New departure in Taizé towards an ecumenism of solidarity

 — Aug. 25, 201525 aoüt 2015
By Esther R. Suter

In Taizé, the week-long Gathering for a New Solidarity, for solidarity with the poor and excluded, reached its climax on the weekend of 15-16 August. The ecumenical community is celebrating in 2015 the seventy-fifth anniversary of its foundation by Roger Schutz, as well as the one hundredth anniversary of his birth (on 12 August 1915). Also 16 August was the tenth anniversary of his death. Brother Roger was stabbed during prayer in the church by a mentally unstable woman from Romania. For the first time in its history, all hundred brothers of the Taizé community came together from all over the world.

The worship celebrations began on Saturday in the open air just outside the village. The new Orthodox Icon of Mercy was then carried in a solemn procession through the village into the Church of Reconciliation. Prior Alois Löser, who was himself designated by Brother Roger as his successor in the community, led the procession of the brothers in their white robes, followed by thousands of young people from all continents, as well as the invited experts (members of the European Parliament, of non-governmental organizations, Muslims, Buddhists, people from Africa, Asia, and the Middle East). During the week they had all been intensively involved in workshops on the themes of inter-faith dialogue, migration issues, the environment, the economy, justice, politics, health, as well as spirituality, the life of faith, and art. Speakers from human rights organizations and church leaders showed how it is possible to have encounters with people who are ‘different’, with strangers, and to reach out across all frontiers of nationality, confession and religion, to work together to change and move on from violent situations of conflict so as to form one family of humankind. Many of them were examples of the biblical concept of ‘hospitality’ as a force enabling one to open up to refugees and accept them as fellow human beings.

Brother Alois spoke of a globalization of solidarity, which many, especially young people, long for worldwide, and in which the Taizé community stands with them. The lively workshops of the week on the themes of joy, simplicity and mercifulness, the quality of the discussions and the openness of the encounters lacked nothing of what was seen at the inauguration of the Council of Youth some forty years earlier. Brother Roger’s spirit lives on and his lifelong commitment to Christian unity and reconciliation in the family of humankind is still bearing fruit. Young people feel that they are accepted just as they are and surmount all their prejudices as they encounter one another. Taizé has remained true to itself in its simplicity, spirituality and quest for unity.

For the celebrations on the Sunday some hundred top church representatives travelled to Taizé for a reception by the community, and to share in the open air worship service later in the day. Messages of greeting were given. Cardinal Koch, President of the Pontifical Council for Promoting Christian Unity, read out the message from Pope Francis. Pope Francis highlighted Brother Roger’s significance for the ecumenical movement: while holding on to his Protestant origins, he had shown himself open to the various Christian traditions and by his lifelong persistence had contributed to changing relationships between still divided Christians, in that he had for many pointed the way forward to reconciliation.
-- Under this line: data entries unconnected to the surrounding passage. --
lemma nn_integral_powr_inside_ball:
  fixes s :: real
  assumes s: "s < DIM('a::euclidean_space)"
  obtains M where "M > 0"
    and "\<And>R. R > 0 \<Longrightarrow>
      (\<integral>\<^sup>+y\<in>ball (0::'a) R. ennreal (norm y powr - s) \<partial>lborel) \<le> ennreal (M * R powr (DIM('a) - s))"
proof
  define d where "d = real DIM('a)"
  define r where "r = (1/2) powr (d - s)"
  have r: "0 \<le> r" "r < 1"
    using s by (simp_all add: r_def d_def powr01_less_one)
  show "unit_ball_vol d * 2 powr \<bar>s\<bar> / (1 - r) > 0"
    using r by (simp add: d_def)
  fix R :: real
  assume R: "R > 0"
  define \<rho> where "\<rho> k = R * (1/2) ^ k" for k :: nat
  have \<rho>: "\<rho> k > 0" for k
    using R by (simp add: \<rho>_def)
  have "(\<integral>\<^sup>+y\<in>ball (0::'a) R. ennreal (norm y powr - s) \<partial>lborel)
      \<le> ennreal (unit_ball_vol d * 2 powr \<bar>s\<bar> * R powr (d - s) / (1 - r))"
  proof (rule nn_integral_le_geometric_ball_cover[where \<rho> = \<rho> and c = "\<lambda>k. 2 powr \<bar>s\<bar> * \<rho> k powr - s"])
    show "\<exists>k. y \<in> cball 0 (\<rho> k)
        \<and> ennreal (norm y powr - s) * indicator (ball 0 R) y \<le> ennreal (2 powr \<bar>s\<bar> * \<rho> k powr - s)"
      if "ennreal (norm y powr - s) * indicator (ball 0 R) y \<noteq> 0" for y :: 'a
      using that dyadic_shell_inside_ball[of y R s]
      by (auto simp: \<rho>_def indicator_def ennreal_leI split: if_splits)
    fix k
    have "\<rho> k ^ DIM('a) = \<rho> k powr d"
      using \<rho>[of k] by (simp add: d_def powr_realpow)
    then have "\<rho> k powr - s * \<rho> k ^ DIM('a) = \<rho> k powr (d - s)"
      by (simp add: powr_diff powr_minus divide_inverse)
    also have "\<rho> k powr (d - s) = R powr (d - s) * r ^ k"
      using R by (simp add: \<rho>_def r_def powr_mult_power)
    finally show "2 powr \<bar>s\<bar> * \<rho> k powr - s * unit_ball_vol DIM('a) * \<rho> k ^ DIM('a)
        = unit_ball_vol d * 2 powr \<bar>s\<bar> * R powr (d - s) * r ^ k"
      by (simp add: d_def mult_ac)
  qed (use \<rho> r less_imp_le in auto)
  then show "(\<integral>\<^sup>+y\<in>ball (0::'a) R. ennreal (norm y powr - s) \<partial>lborel)
      \<le> ennreal (unit_ball_vol d * 2 powr \<bar>s\<bar> / (1 - r) * R powr (DIM('a) - s))"
    by (simp add: d_def)
qed

lemma riesz_weighted_bound_outside_ball:
  fixes q \<alpha> \<delta> :: real
  assumes q: "q > 1" and \<alpha>: "DIM('a::euclidean_space) / q < \<alpha>" and \<delta>: "\<delta> > 0"
  obtains C where "C > 0"
    and "\<And>R u. R > 0 \<Longrightarrow> u \<in> borel_measurable lebesgue \<Longrightarrow>
      (\<integral>\<^sup>+x\<in>- ball (0::'a) R. ennreal (\<bar>u x\<bar> / norm x powr (\<alpha> - DIM('a) / q + \<delta>)) \<partial>lebesgue)
        \<le> ennreal (C * R powr - \<delta>) * Lq_norm_enn q (riesz_conv \<alpha> u)"
proof -
  define \<beta> where "\<beta> = DIM('a) - DIM('a) / q + \<delta>"
  have \<beta>p: "\<beta> * (q/(q-1)) = DIM('a) + \<delta> * (q/(q-1))"
    using q by (simp add: \<beta>_def field_simps)
  have "DIM('a) - \<beta> * (q/(q-1)) = - \<delta> * (q/(q-1))"
    unfolding \<beta>p by simp
  then have exponents: "\<alpha> + \<beta> - DIM('a) = \<alpha> - DIM('a) / q + \<delta>"
    "(DIM('a) - \<beta> * (q/(q-1))) * (q-1) / q = - \<delta>"
    using q by (simp_all add: \<beta>_def)
  have "\<alpha> \<ge> 0"
    using \<alpha> q by (smt (verit) divide_pos_pos of_nat_0_less_iff DIM_positive)
  obtain K where "K > 0" and lower: "\<And>R (x::'a). x \<in> - ball 0 R \<Longrightarrow> x \<noteq> 0 \<Longrightarrow>
      ennreal (K * norm x powr (DIM('a) - \<beta> - \<alpha>)) \<le> riesz_conv \<alpha> (\<lambda>y. indicator (- ball 0 R) y * norm y powr - \<beta>) x"
    using riesz_conv_outside_ball_ge[where 'a='a, OF \<open>\<alpha> \<ge> 0\<close>, of \<beta>] by blast
  obtain M where "M > 0" and shell: "\<And>R. R > 0 \<Longrightarrow>
      (\<integral>\<^sup>+y\<in>- ball (0::'a) R. ennreal (norm y powr - (\<beta> * (q/(q-1)))) \<partial>lborel)
        \<le> ennreal (M * R powr (DIM('a) - \<beta> * (q/(q-1))))"
    using nn_integral_powr_outside_ball[where 'a='a, of "\<beta> * (q/(q-1))"] \<beta>p \<delta> q by auto
  obtain C where "C > 0" and bound: "\<And>R u. R > 0 \<Longrightarrow> u \<in> borel_measurable lebesgue \<Longrightarrow>
      (\<integral>\<^sup>+x\<in>- ball (0::'a) R. ennreal (\<bar>u x\<bar> / norm x powr (\<alpha> + \<beta> - DIM('a))) \<partial>lebesgue)
        \<le> ennreal (C * R powr ((DIM('a) - \<beta> * (q/(q-1))) * (q-1) / q)) * Lq_norm_enn q (riesz_conv \<alpha> u)"
    using riesz_weighted_bound_from_test_functions[where A = "\<lambda>R. - ball 0 R", OF q \<open>K > 0\<close> \<open>M > 0\<close> _ shell lower]
    by auto
  show ?thesis
    using that[OF \<open>C > 0\<close>] bound unfolding exponents by blast
qed

lemma riesz_weighted_bound_inside_ball:
  fixes q \<alpha> \<delta> :: real
  assumes q: "q > 1" and \<alpha>: "DIM('a::euclidean_space) / q < \<alpha>" and \<delta>: "\<delta> > 0"
  obtains C where "C > 0"
    and "\<And>R u. R > 0 \<Longrightarrow> u \<in> borel_measurable lebesgue \<Longrightarrow>
      (\<integral>\<^sup>+x\<in>ball (0::'a) R. ennreal (\<bar>u x\<bar> / norm x powr (\<alpha> - DIM('a) / q - \<delta>)) \<partial>lebesgue)
        \<le> ennreal (C * R powr \<delta>) * Lq_norm_enn q (riesz_conv \<alpha> u)"
proof -
  define \<beta> where "\<beta> = DIM('a) - DIM('a) / q - \<delta>"
  have \<beta>p: "\<beta> * (q/(q-1)) = DIM('a) - \<delta> * (q/(q-1))"
    using q by (simp add: \<beta>_def field_simps)
  have "DIM('a) - \<beta> * (q/(q-1)) = \<delta> * (q/(q-1))"
    unfolding \<beta>p by simp
  then have exponents: "\<alpha> + \<beta> - DIM('a) = \<alpha> - DIM('a) / q - \<delta>"
    "(DIM('a) - \<beta> * (q/(q-1))) * (q-1) / q = \<delta>"
    using q by (simp_all add: \<beta>_def)
  have "\<alpha> \<ge> 0"
    using \<alpha> q by (smt (verit) divide_pos_pos of_nat_0_less_iff DIM_positive)
  obtain K where "K > 0" and lower: "\<And>R (x::'a). x \<in> ball 0 R \<Longrightarrow> x \<noteq> 0 \<Longrightarrow>
      ennreal (K * norm x powr (DIM('a) - \<beta> - \<alpha>)) \<le> riesz_conv \<alpha> (\<lambda>y. indicator (ball 0 R) y * norm y powr - \<beta>) x"
    using riesz_conv_inside_ball_ge[where 'a='a, OF \<open>\<alpha> \<ge> 0\<close>, of \<beta>] by blast
  obtain M where "M > 0" and shell: "\<And>R. R > 0 \<Longrightarrow>
      (\<integral>\<^sup>+y\<in>ball (0::'a) R. ennreal (norm y powr - (\<beta> * (q/(q-1)))) \<partial>lborel)
        \<le> ennreal (M * R powr (DIM('a) - \<beta> * (q/(q-1))))"
    using nn_integral_powr_inside_ball[where 'a='a, of "\<beta> * (q/(q-1))"] \<beta>p \<delta> q by auto
  obtain C where "C > 0" and bound: "\<And>R u. R > 0 \<Longrightarrow> u \<in> borel_measurable lebesgue \<Longrightarrow>
      (\<integral>\<^sup>+x\<in>ball (0::'a) R. ennreal (\<bar>u x\<bar> / norm x powr (\<alpha> + \<beta> - DIM('a))) \<partial>lebesgue)
        \<le> ennreal (C * R powr ((DIM('a) - \<beta> * (q/(q-1))) * (q-1) / q)) * Lq_norm_enn q (riesz_conv \<alpha> u)"
    using riesz_weighted_bound_from_test_functions[where A = "\<lambda>R. ball 0 R", OF q \<open>K > 0\<close> \<open>M > 0\<close> _ shell lower]
    by auto
  show ?thesis
    using that[OF \<open>C > 0\<close>] bound unfolding exponents by blast
qed

theorem proposition2p2:
  fixes q \<alpha> \<delta> :: real
  assumes "q > 1" and "real DIM('a::euclidean_space) / q < \<alpha>" and "\<alpha> < real DIM('a)"
    and "\<delta> > 0"
  shows "\<exists>C>0. \<forall>R>0. \<forall>u :: 'a \<Rightarrow> real. u \<in> borel_measurable lebesgue \<longrightarrow>
     (\<integral>\<^sup>+ x\<in>- ball 0 R. ennreal (\<bar>u x\<bar> / norm x powr (\<alpha> - real DIM('a) / q + \<delta>)) \<partial>lebesgue)
        \<le> ennreal (C / R powr \<delta>) * Lq_norm_enn q (riesz_conv \<alpha> u)
   \<and> (\<integral>\<^sup>+ x\<in>ball 0 R. ennreal (\<bar>u x\<bar> / norm x powr (\<alpha> - real DIM('a) / q - \<delta>)) \<partial>lebesgue)
        \<le> ennreal (C * R powr \<delta>) * Lq_norm_enn q (riesz_conv \<alpha> u)"
proof -
  obtain C\<^sub>1 where C\<^sub>1: "C\<^sub>1 > 0"
    and outside: "\<And>R u. R > 0 \<Longrightarrow> u \<in> borel_measurable lebesgue \<Longrightarrow>
      (\<integral>\<^sup>+x\<in>- ball (0::'a) R. ennreal (\<bar>u x\<bar> / norm x powr (\<alpha> - DIM('a) / q + \<delta>)) \<partial>lebesgue)
        \<le> ennreal (C\<^sub>1 * R powr - \<delta>) * Lq_norm_enn q (riesz_conv \<alpha> u)"
    using riesz_weighted_bound_outside_ball[OF assms(1,2,4)] by blast
  obtain C\<^sub>2 where C\<^sub>2: "C\<^sub>2 > 0"
    and inside: "\<And>R u. R > 0 \<Longrightarrow> u \<in> borel_measurable lebesgue \<Longrightarrow>
      (\<integral>\<^sup>+x\<in>ball (0::'a) R. ennreal (\<bar>u x\<bar> / norm x powr (\<alpha> - DIM('a) / q - \<delta>)) \<partial>lebesgue)
        \<le> ennreal (C\<^sub>2 * R powr \<delta>) * Lq_norm_enn q (riesz_conv \<alpha> u)"
    using riesz_weighted_bound_inside_ball[OF assms(1,2,4)] by blast
  show ?thesis
  proof (intro exI[of _ "max C\<^sub>1 C\<^sub>2"] conjI allI impI)
    fix R :: real and u :: "'a \<Rightarrow> real"
    assume R: "R > 0" and u: "u \<in> borel_measurable lebesgue"
    have "C\<^sub>1 * R powr - \<delta> \<le> max C\<^sub>1 C\<^sub>2 / R powr \<delta>" "C\<^sub>2 * R powr \<delta> \<le> max C\<^sub>1 C\<^sub>2 * R powr \<delta>"
      using R by (simp_all add: powr_minus_divide divide_right_mono mult_right_mono)
    then show "(\<integral>\<^sup>+x\<in>- ball 0 R. ennreal (\<bar>u x\<bar> / norm x powr (\<alpha> - real DIM('a) / q + \<delta>)) \<partial>lebesgue)
        \<le> ennreal (max C\<^sub>1 C\<^sub>2 / R powr \<delta>) * Lq_norm_enn q (riesz_conv \<alpha> u)"
      and "(\<integral>\<^sup>+x\<in>ball 0 R. ennreal (\<bar>u x\<bar> / norm x powr (\<alpha> - real DIM('a) / q - \<delta>)) \<partial>lebesgue)
        \<le> ennreal (max C\<^sub>1 C\<^sub>2 * R powr \<delta>) * Lq_norm_enn q (riesz_conv \<alpha> u)"
      using outside[OF R u] inside[OF R u]
      by (auto elim!: order_trans intro!: mult_right_mono ennreal_leI)
  qed (use C\<^sub>1 in simp)
qed

end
The World Council of Churches General Secretary, Revd Olav Fykse Tveit likened the WCC’s 2013 call to an Ecumenical Pilgrimage of Justice and Peace to Brother Roger’s call to a Pilgrimage of Trust on Earth. Pilgrimage, he said, is an image of the ecumenical movement. The Very Revd Karin Burstrand, from Sweden, spoke as a Vice-President of the Conference of European Churches (CEC). Among other messages, Revd Martin Hirzel, representing the Community of Protestant Churches in Europe (CPCE), also brought greetings from the Federation of Swiss Protestant Churches, and stressed the significance of Taizé for reconciliation in Europe after the Second World War.

Both Cardinal Kurt Koch and General Secretary Olav Fykse Tveit had a similar approach to the migrant crisis in Europe. According to them, the generally slow moving political process in Western countries, and also in Russia and China, could be more effective. A narrowness of vision was detracting from the urgent need to find solutions. The wider context of the migrant situation needed also to be taken into account, such as the causes of the flood of migrants and the situation in Africa. That presented a challenge to our Christian values, to which further thought must be given in the future.

Esther R. Suter is a theologian, pastor and freelance journalist from Basel, Switzerland, with extensive experience in covering stories about global, regional and local ecumenism.